Beazley categorically opposed any Senate invitation to Habib declaring, “I’m not in the business of making this bloke a hero. He shouldn’t have opportunity to give evidence to a Senate committee and we shouldn’t waste a minute on him.”
While federal Labor’s former shadow attorney-general Nicola Roxon, South Australian Senator Linda Kirk and a few other Labor MPs have raised their voices about Hicks, their comments have invariably been directed toward advising the Howard government that Hicks could be tried under existing Australian legislation and jailed locally. Roxon and Kirk have publicly insisted that Hicks could be repatriated and placed under a police “control order,” a new measure that allows police to impose highly restrictive curfew and tracking conditions on any so-called terrorist suspect.
Last October, much publicity was given to the so-called “Fremantle Declaration” of state Labor government attorneys-general over the treatment of Hicks. The declaration, however, made no specific demands for Hicks’s release and consisted instead of a general “affirmation” of their commitment to the Geneva Conventions and other long-standing legal principles.

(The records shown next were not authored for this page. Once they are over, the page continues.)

(* The centroid (center of area) of the region bounded by $\Delta_u$ is $$C_2=\left(-\frac{a^2+b^2}{2a}\cos u,\,-\frac{a^2+b^2}{2b}\sin u\right),$$ which coincides with the average $\frac{1}{2\pi}\int_0^{2\pi}\Delta_u(t)\,dt$ and with the centroid of the cusp triangle $T'=P_1'P_2'P_3'$.
   Context: Let $a>b>0$ and $c>0$ with $c^2=a^2-b^2$. Let $\mathcal{E}$ be the ellipse $x^2/a^2+y^2/b^2=1$ with center $O=(0,0)$, parametrized by $P(t)=(a\cos t,b\sin t)$. Fix $u\in\mathbb{R}$ and let $M=M_u=(a\cos u,b\sin u)\in\mathcal{E}$. Let $\Delta_u(t)=(x_u(t),y_u(t))$, $t\in\mathbb{R}$, where $x_u(t)=\frac1a\big(c^2(1+\cos(t+u))\cos t-a^2\cos u\big)$ and $y_u(t)=\frac1b\big(c^2\cos t\sin(t+u)-c^2\sin t-a^2\sin u\big)$; this is the negative pedal curve of $\mathcal{E}$ with respect to $M$ (a simple closed curve). For $i=1,2,3$ let $t_i=-u/3-2\pi(i-1)/3$ and $P_i'=\Delta_u(t_i)$ (the three cusps of $\Delta_u$); $T'$ is the triangle $P_1'P_2'P_3'$. *)

theory Defs
  imports "HOL-Analysis.Analysis"
begin

text \<open>The negative pedal curve Delta_u of the ellipse x^2/a^2+y^2/b^2=1 with
  respect to M_u = (a cos u, b sin u), where c^2 = a^2 - b^2.\<close>
definition neg_pedal :: "real \<Rightarrow> real \<Rightarrow> real \<Rightarrow> real \<Rightarrow> real \<Rightarrow> real \<times> real" where
  "neg_pedal a b c u t =
     ((c^2 * (1 + cos (t + u)) * cos t - a^2 * cos u) / a,
      (c^2 * cos t * sin (t + u) - c^2 * sin t - a^2 * sin u) / b)"

definition area_centroid :: "(real \<times> real) set \<Rightarrow> real \<times> real" where
  "area_centroid S = (1 / measure lebesgue S) *\<^sub>R integral S (\<lambda>z. z)"

definition triangle_centroid :: "real \<times> real \<Rightarrow> real \<times> real \<Rightarrow> real \<times> real \<Rightarrow> real \<times> real" where
  "triangle_centroid p1 p2 p3 = (1/3) *\<^sub>R (p1 + p2 + p3)"

end

theory Submission
  imports Defs "HOL-Complex_Analysis.Complex_Analysis"
begin

text \<open>
  With alpha = c^2/a, beta = c^2/b and C the claimed centroid, the curve is
  Delta_u(t) = C + (alpha Re d(t), beta Im d(t)), an affine image of the deltoid
  d(t) = e^(-it) + e^(i(2t+u))/2. The deltoid has the threefold symmetry
  d(t - 2pi/3) = w d(t) with w = e^(2pi i/3). Hence the cusps are d, w d, w^2 d, which sum
  to zero, and the mean of d over a period vanishes.

  For the region, multiplication by w conjugated by the stretch is an affine map fixing C
  that maps the region onto itself. Its linear part L is unimodular, hence a product of
  shears and Lebesgue measure preserving, so the moment I and area A of the region satisfy
  I - A C = L (I - A C); as L has no nonzero fixed vector, I = A C. The region contains C
  because d stays within distance 1/2 of the clockwise unit circle and so winds around 0.
\<close>

lemma bounded_continuous_image_UNIV:
  fixes h :: "'a::euclidean_space \<Rightarrow> 'b::metric_space"
  assumes "continuous_on UNIV h" "bounded T"
  shows "bounded (h ` T)"
proof -
  have "compact (h ` closure T)"
    using assms by (intro compact_continuous_image continuous_on_subset[OF assms(1)]) auto
  then show ?thesis
    by (meson bounded_subset closure_subset compact_imp_bounded image_mono)
qed

lemma inside_homeomorphism_image:
  fixes h :: "'a::euclidean_space \<Rightarrow> 'b::euclidean_space"
  assumes hk: "homeomorphism UNIV UNIV h k"
  shows "inside (h ` S) = h ` inside S"
proof -
  have kh: "k (h x) = x" "h (k y) = y" for x y
    using hk by (simp_all add: homeomorphism_apply1 homeomorphism_apply2)
  have cont: "continuous_on UNIV h" "continuous_on UNIV k"
    using hk by (simp_all add: homeomorphism_def)
  have "bij h"
    by (rule o_bij[of k]) (simp_all add: fun_eq_iff kh)
  then have compl: "h ` (- S) = - (h ` S)"
    by (rule bij_image_Compl_eq)
  have hom: "homeomorphism (- S) (- (h ` S)) h k"
    using homeomorphism_of_subsets[OF hk _ _ compl] by simp
  have bounded_iff: "bounded (h ` T) \<longleftrightarrow> bounded T" for T
  proof
    assume "bounded (h ` T)"
    then have "bounded (k ` h ` T)" by (rule bounded_continuous_image_UNIV[OF cont(2)])
    then show "bounded T" by (simp add: image_image kh)
  qed (rule bounded_continuous_image_UNIV[OF cont(1)])
  have "h x \<in> inside (h ` S) \<longleftrightarrow> x \<in> inside S" for x
  proof (cases "x \<in> S")
    case False
    then show ?thesis
      using connected_component_set_homeomorphism[OF hom, of x] compl bounded_iff
      by (auto simp: inside_def)
  next
    case True
    then show ?thesis by (auto simp: inside_def)
  qed
  then show ?thesis
    using kh by (auto simp: image_iff) (metis)
qed

lemma homeomorphism_mult:
  fixes w :: "'a::real_normed_field"
  assumes "w \<noteq> 0"
  shows "homeomorphism UNIV UNIV (\<lambda>z. w * z) (\<lambda>z. z / w)"
  using assms by (intro homeomorphismI) (auto intro!: continuous_intros image_eqI)

section \<open>Unimodular linear maps of the plane preserve Lebesgue measure\<close>

lemma emeasure_lborel_translate_vimage:
  fixes B :: "real set"
  assumes "B \<in> sets borel"
  shows "emeasure lborel ((+) c -` B) = emeasure lborel B"
proof -
  have "emeasure lborel B = emeasure (distr lborel borel ((+) c)) B"
    by (simp add: lborel_distr_plus)
  also have "\<dots> = emeasure lborel ((+) c -` B)"
    using assms by (simp add: emeasure_distr)
  finally show ?thesis ..
qed

lemma lborel_distr_shear:
  fixes f :: "real \<Rightarrow> real"
  assumes f: "f \<in> borel_measurable borel"
  shows "distr lborel borel (\<lambda>z::real \<times> real. (fst z + f (snd z), snd z)) = lborel"
proof (rule measure_eqI)
  let ?S = "\<lambda>z::real \<times> real. (fst z + f (snd z), snd z)"
  have "(\<lambda>z::real \<times> real. f (snd z)) \<in> borel_measurable borel"
    using borel_measurable_continuous_onI[OF continuous_on_snd[OF continuous_on_id]] f
    by (rule measurable_compose)
  then have S: "?S \<in> borel_measurable borel"
    using borel_measurable_continuous_onI[OF continuous_on_fst[OF continuous_on_id]]
      borel_measurable_continuous_onI[OF continuous_on_snd[OF continuous_on_id]]
    by (intro borel_measurable_Pair borel_measurable_add)
  have sets_prod: "sets (lborel \<Otimes>\<^sub>M lborel) = sets (borel :: (real \<times> real) measure)"
    by (simp only: lborel_prod sets_lborel)
  fix A :: "(real \<times> real) set"
  assume "A \<in> sets (distr lborel borel ?S)"
  then have A: "A \<in> sets borel" by simp
  have "emeasure (distr lborel borel ?S) A = emeasure (lborel \<Otimes>\<^sub>M lborel) (?S -` A)"
    using S A by (simp add: emeasure_distr lborel_prod)
  also have "\<dots> = (\<integral>\<^sup>+y. emeasure lborel ((\<lambda>x. (x, y)) -` ?S -` A) \<partial>lborel)"
    using measurable_sets[OF S A]
    by (intro lborel_pair.emeasure_pair_measure_alt2) (simp only: sets_prod space_borel Int_UNIV_right)
  also have "\<dots> = (\<integral>\<^sup>+y. emeasure lborel ((\<lambda>x. (x, y)) -` A) \<partial>lborel)"
  proof (rule nn_integral_cong)
    fix y
    have "(\<lambda>x. (x, y)) -` A \<in> sets borel"
      using measurable_sets[OF _ A, of "\<lambda>x. (x, y)" borel] by (simp add: measurable_Pair1')
    moreover have "(\<lambda>x. (x, y)) -` ?S -` A = (+) (f y) -` ((\<lambda>x. (x, y)) -` A)"
      by (auto simp: add.commute)
    ultimately show "emeasure lborel ((\<lambda>x. (x, y)) -` ?S -` A) = emeasure lborel ((\<lambda>x. (x, y)) -` A)"
      by (simp add: emeasure_lborel_translate_vimage)
  qed
  also have "\<dots> = emeasure (lborel \<Otimes>\<^sub>M lborel) A"
    using A by (intro lborel_pair.emeasure_pair_measure_alt2[symmetric]) (simp only: sets_prod)
  also have "\<dots> = emeasure lborel A"
    by (simp only: lborel_prod)
  finally show "emeasure (distr lborel borel ?S) A = emeasure lborel A" .
qed simp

This was nothing but empty posturing. Under the banner of “fighting terrorism,” the state Labor governments have been active partners with the Howard government in reversing long-established legal principles, including giving state police the right to hold terror suspects without trial and without the right to even report their own detention. The federal government’s assault on these rights could not have been implemented without the state governments’ enabling anti-terror legislation.

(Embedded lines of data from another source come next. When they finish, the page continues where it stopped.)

definition cg_kmax :: "nat \<Rightarrow> real \<Rightarrow> real \<Rightarrow> real \<Rightarrow> bool \<Rightarrow> real" where
  "cg_kmax n \<epsilon> \<zeta> M capCG =
     (if capCG then
        (let \<kappa> = (M + 2 * \<epsilon>) / \<epsilon>
         in min (real n) (1/2 * sqrt \<kappa> * ln (4 * \<kappa> powr (3/2) / \<zeta>)))
      else real n)"

text \<open>Main loop of Algorithm 2. The first argument is fuel; it starts at n with j = 0,
  so fuel = 0 only when j = n \<ge> kmax, i.e. when the loop condition fails anyway.\<close>
fun cg_loop :: "nat \<Rightarrow> nat \<Rightarrow> real \<Rightarrow> real^'n \<Rightarrow> real^'n^'n \<Rightarrow> real \<Rightarrow> real \<Rightarrow> real
                 \<Rightarrow> real^'n \<Rightarrow> real^'n \<Rightarrow> real^'n \<Rightarrow> (real^'n) \<times> cgflag" where
  "cg_loop 0 j kmax g H \<epsilon> \<delta> \<zeta> y r p = (y, INT_MAX)"
| "cg_loop (Suc fuel) j kmax g H \<epsilon> \<delta> \<zeta> y r p =
    (if \<not> (real j < kmax) then (y, INT_MAX)
     else let Hp = H *v p + (2 * \<epsilon>) *\<^sub>R p in
     if p \<bullet> Hp \<le> \<epsilon> * (norm p)\<^sup>2 then (bnd_step y p \<delta>, BND_NEG)
     else let \<alpha> = (norm r)\<^sup>2 / (p \<bullet> Hp); y' = y + \<alpha> *\<^sub>R p in
     if norm y' \<ge> \<delta> then (bnd_step y p \<delta>, BND_NORM)
     else let r' = r + \<alpha> *\<^sub>R Hp in
     if norm r' \<le> \<zeta> / 2 * min (norm g) (\<epsilon> * norm y') then (y', INT_RES)
     else let \<beta> = (norm r')\<^sup>2 / (norm r)\<^sup>2; p' = - r' + \<beta> *\<^sub>R p in
     cg_loop fuel (Suc j) kmax g H \<epsilon> \<delta> \<zeta> y' r' p')"

definition truncated_cg :: "real^'n \<Rightarrow> real^'n^'n \<Rightarrow> real \<Rightarrow> real \<Rightarrow> real \<Rightarrow> bool \<Rightarrow> real
                            \<Rightarrow> (real^'n) \<times> cgflag" where
  "truncated_cg g H \<epsilon> \<delta> \<zeta> capCG M =
     cg_loop CARD('n) 0 (cg_kmax CARD('n) \<epsilon> \<zeta> M capCG) g H \<epsilon> \<delta> \<zeta> 0 g (- g)"

text \<open>Specification of a (non-terminating) output s of Algorithm 3 (MEO).\<close>
definition meo_output :: "real^'n \<Rightarrow> real^'n^'n \<Rightarrow> real \<Rightarrow> real \<Rightarrow> real^'n \<Rightarrow> bool" where
  "meo_output g H \<epsilon> \<delta> s \<longleftrightarrow>
     (\<exists>v. norm v = 1 \<and> v \<bullet> (H *v v) \<le> - \<epsilon> / 2 \<and> (s = \<delta> *\<^sub>R v \<or> s = - (\<delta> *\<^sub>R v)))
     \<and> g \<bullet> s \<le> 0 \<and> s \<bullet> (H *v s) \<le> - (1/2) * \<epsilon> * (norm s)\<^sup>2 \<and> norm s = \<delta>"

Nor has Labor or any other of the so-called opposition parliamentary parties initiated legal action against the Howard government over its blatant attack on Hicks’s basic rights. That such action could be initiated was confirmed in early November in a special report by senior legal academics and lawyers, including Alastair Nicholson, Peter Vickery and Gavan Griffith.

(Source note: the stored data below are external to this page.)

definition hcomp :: "nat \<Rightarrow> ('a::zero) pser \<Rightarrow> 'a pser" where
  "hcomp d f = (\<lambda>m. if mdeg m = d then f m else 0)"

definition Zr :: "nat \<Rightarrow> nat \<Rightarrow> nat \<Rightarrow> ('a::comm_ring_1) pser \<Rightarrow> bool" where
  "Zr n r s f \<longleftrightarrow> cochain n f \<and> fil s f \<and> fil (s + r) (cob n f)"

text \<open>Tangent spectral sequence, E_r^s = Z_r^s / (Z_{r-1}^{s+1} + d Z_{r-1}^{s-r+1}).
  tss_d n r s x y: for x a homogeneous degree-s representative (in cochain degree n) and
  y a homogeneous degree-(s+r) representative (in cochain degree n+1),
  x survives to E_r, y survives to E_r, and d_r [x] = [y] in E_r.\<close>
definition tss_d :: "nat \<Rightarrow> nat \<Rightarrow> nat \<Rightarrow> ('a::comm_ring_1) pser \<Rightarrow> 'a pser \<Rightarrow> bool" where
  "tss_d n r s x y \<longleftrightarrow>
     (\<exists>f y' u v. Zr n r s f \<and> hcomp s f = x \<and>
        Zr (Suc n) r (s + r) y' \<and> hcomp (s + r) y' = y \<and>
        Zr (Suc n) (r - 1) (s + r + 1) u \<and> Zr n (r - 1) (s + 1) v \<and>
        cob n f = gm_add y' (gm_add u (cob n v)))"

definition monom :: "'a::zero \<Rightarrow> nat list \<Rightarrow> 'a pser" where
  "monom c e = (\<lambda>m. if m = (\<lambda>k. if k < length e then e ! k else 0) then c else 0)"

In understated but direct language, the 29-page legal analysis made clear that Howard’s wholesale backing for the illegal treatment of Hicks constitutes a clear war crime under Common Article 3 of the Geneva Conventions and violates the International Covenant on Civil and Political Rights.
The document concludes: “We are further of the opinion that a trial conducted before a Military Commission established under the Military Commissions Act 2006 would contravene the standards of a fair trial under Australian law, namely the standards provided for in the Australian Criminal Code, and to counsel or urge a trial to take place before such a body with the requisite knowledge and intention would constitute a war crime under sections 11.1, 11.2, 11.4 and 268.76, alternatively section 268.31, of the Australian Criminal Code.”
David Hicks, who was returned to solitary confinement in March 2006, now suffers serious health problems, including back complaints and damaged eyesight, and is deeply traumatised. According to his father Terry, he was virtually incoherent for almost 30 minutes during their last phone call in July.
The ongoing imprisonment of Hicks, which is designed to psychologically destroy him, has further underscored the contempt for legal precedent and democratic rights that characterises the entire Australian political establishment.